lemma slap_compose:
  assumes U: "open U" "y \<in> S2 \<inter> U"
    and f: "twice_sdifferentiable_on U f" and D: "\<And>z. z \<in> S2 \<inter> U \<Longrightarrow> f z \<in> D"
    and h: "\<And>w. w \<in> D \<Longrightarrow> (h has_field_derivative h' w) (at w)"
    and h': "\<And>w. w \<in> D \<Longrightarrow> (h' has_field_derivative h'' w) (at w)"
  shows "slap (\<lambda>z. h (f z)) y = h'' (f y) * cdot (sgrad f y) (sgrad f y) + h' (f y) * slap f y"
proof -
  have y: "y \<in> S2"
    using U(2) by blast
  note df = twice_sdifferentiable_onD[OF f U(2)]
  have "slap (\<lambda>z. h (f z)) y = sdiv (\<lambda>z. cscale (h' (f z)) (sgrad f z)) y"
    unfolding slap_def
  proof (rule sdiv_cong[OF U])
    fix z assume z: "z \<in> S2 \<inter> U"
    show "sgrad (\<lambda>z. h (f z)) z = cscale (h' (f z)) (sgrad f z)"
      using z twice_sdifferentiable_onD(1)[OF f z] h[OF D[OF z]] by (intro sgrad_compose) auto
  qed
  also have "\<dots> = cdot (sgrad (\<lambda>z. h' (f z)) y) (sgrad f y) + h' (f y) * slap f y"
    unfolding slap_def
    using sdifferentiable_compose[OF y df(1) h'[OF D[OF U(2)]]] df(2) by (rule sdiv_cscale[OF y])
  also have "sgrad (\<lambda>z. h' (f z)) y = cscale (h'' (f y)) (sgrad f y)"
    using sgrad_compose[OF y df(1) h'[OF D[OF U(2)]]] .
  finally show ?thesis
    by (simp add: cdot_cscale_left)
qed

section \<open>Stereographic coordinates\<close>

definition xden :: "real^3 \<Rightarrow> complex" where
  "xden z = 1 - complex_of_real (z $ 3)"

definition xplus :: "real^3 \<Rightarrow> complex" where
  "xplus z = complex_of_real (z $ 1) + \<i> * complex_of_real (z $ 2)"

definition xminus :: "real^3 \<Rightarrow> complex" where
  "xminus z = complex_of_real (z $ 1) - \<i> * complex_of_real (z $ 2)"

lemma Zf_eq: "Zf = (\<lambda>z. xplus z * inverse (xden z))"
  by (simp add: fun_eq_iff Zf_def xplus_def xden_def divide_inverse)

lemma Zbf_eq: "Zbf = (\<lambda>z. xminus z * inverse (xden z))"
  by (simp add: fun_eq_iff Zbf_def xminus_def xden_def divide_inverse)

lemma S2_coords: "y \<in> S2 \<Longrightarrow> (y $ 1)\<^sup>2 + (y $ 2)\<^sup>2 + (y $ 3)\<^sup>2 = 1"
proof -
  assume "y \<in> S2"
  then have "(norm y)\<^sup>2 = 1"
    by (simp add: S2_def)
  then show ?thesis
    by (simp add: norm_vec_def L2_set_def sum_3)
qed

lemma S2_coords_complex:
  "y \<in> S2 \<Longrightarrow>
    (complex_of_real (y $ 1))\<^sup>2 + (complex_of_real (y $ 2))\<^sup>2 + (complex_of_real (y $ 3))\<^sup>2 = 1"
  using S2_coords[of y] by (simp flip: of_real_power of_real_add)

lemma xden_nonzero:
  assumes "y \<in> S2" "y \<noteq> north"
  shows "xden y \<noteq> 0"
proof
  assume "xden y = 0"
  then have y3: "y $ 3 = 1"
    by (simp add: xden_def complex_eq_iff)
  then have "(y $ 1)\<^sup>2 + (y $ 2)\<^sup>2 = 0"
    using S2_coords[OF assms(1)] by simp
  then have "y $ 1 = 0" "y $ 2 = 0"
    by (simp_all add: sum_power2_eq_zero_iff)
  with y3 have "y = north"
    by (simp add: north_def vec_eq_iff forall_3)
  with assms(2) show False ..
qed

lemma Zf_nonzero:
  assumes "y \<in> S2" "y \<noteq> north" "y \<noteq> south"
  shows "Zf y \<noteq> 0"
proof
  assume "Zf y = 0"
  then have "xplus y = 0"
    using xden_nonzero[OF assms(1,2)] by (simp add: Zf_eq)
  then have y12: "y $ 1 = 0" "y $ 2 = 0"
    by (simp_all add: xplus_def complex_eq_iff)
  then have "(y $ 3)\<^sup>2 = 1"
    using S2_coords[OF assms(1)] by simp
  then have "y = north \<or> y = south"
    using y12 by (auto simp: power2_eq_1_iff north_def south_def vec_eq_iff forall_3)
  with assms(2,3) show False
    by blast
qed

lemma has_cgrad_xden: "has_cgrad xden (- axis 3 1) y"
  using has_cgrad_diff[OF has_cgrad_const[of 1 y] has_cgrad_coord[of 3 y]]
  by (simp add: xden_def[abs_def])

lemma has_cgrad_xplus: "has_cgrad xplus (axis 1 1 + cscale \<i> (axis 2 1)) y"
  unfolding xplus_def[abs_def] by (intro has_cgrad_add has_cgrad_cmult has_cgrad_coord)

lemma has_cgrad_xminus: "has_cgrad xminus (axis 1 1 - cscale \<i> (axis 2 1)) y"
  unfolding xminus_def[abs_def] by (intro has_cgrad_diff has_cgrad_cmult has_cgrad_coord)

lemmas has_cgrad_rules =
  has_cgrad_uminus has_cgrad_add has_cgrad_diff has_cgrad_mult has_cgrad_cmult
  has_cgrad_divide_const has_cgrad_coord has_cgrad_const has_cgrad_xden has_cgrad_xplus
  has_cgrad_xminus

definition Zf_grad :: "real^3 \<Rightarrow> complex^3" where
  "Zf_grad y = vector [1 / xden y, \<i> / xden y, xplus y / (xden y)\<^sup>2]"

definition Zbf_grad :: "real^3 \<Rightarrow> complex^3" where
  "Zbf_grad y = vector [1 / xden y, - \<i> / xden y, xminus y / (xden y)\<^sup>2]"

lemma has_cgrad_Zf:
  assumes "xden y \<noteq> 0"
  shows "has_cgrad Zf (Zf_grad y) y"
  unfolding Zf_eq
  by (rule has_cgrad_cong, (rule has_cgrad_rules has_cgrad_inverse assms)+)
     (simp add: vec_eq_iff forall_3 Zf_grad_def axis_def field_simps power2_eq_square assms)

lemma has_cgrad_Zbf:
  assumes "xden y \<noteq> 0"
  shows "has_cgrad Zbf (Zbf_grad y) y"
  unfolding Zbf_eq
  by (rule has_cgrad_cong, (rule has_cgrad_rules has_cgrad_inverse assms)+)
     (simp add: vec_eq_iff forall_3 Zbf_grad_def axis_def field_simps power2_eq_square assms)

lemma of_real_coord3: "complex_of_real (y $ 3) = 1 - xden y"
  by (simp add: xden_def)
══════
In the listing above, locate the line containing "unfolding xminus_def[abs_def] by" and the line containing "unfolding Zf_eq", then transcribe both and every line between them verbatim.

> [SOLUTION TO THIS TASK]:
  unfolding xminus_def[abs_def] by (intro has_cgrad_diff has_cgrad_cmult has_cgrad_coord)

lemmas has_cgrad_rules =
  has_cgrad_uminus has_cgrad_add has_cgrad_diff has_cgrad_mult has_cgrad_cmult
  has_cgrad_divide_const has_cgrad_coord has_cgrad_const has_cgrad_xden has_cgrad_xplus
  has_cgrad_xminus

definition Zf_grad :: "real^3 \<Rightarrow> complex^3" where
  "Zf_grad y = vector [1 / xden y, \<i> / xden y, xplus y / (xden y)\<^sup>2]"

definition Zbf_grad :: "real^3 \<Rightarrow> complex^3" where
  "Zbf_grad y = vector [1 / xden y, - \<i> / xden y, xminus y / (xden y)\<^sup>2]"

lemma has_cgrad_Zf:
  assumes "xden y \<noteq> 0"
  shows "has_cgrad Zf (Zf_grad y) y"
  unfolding Zf_eq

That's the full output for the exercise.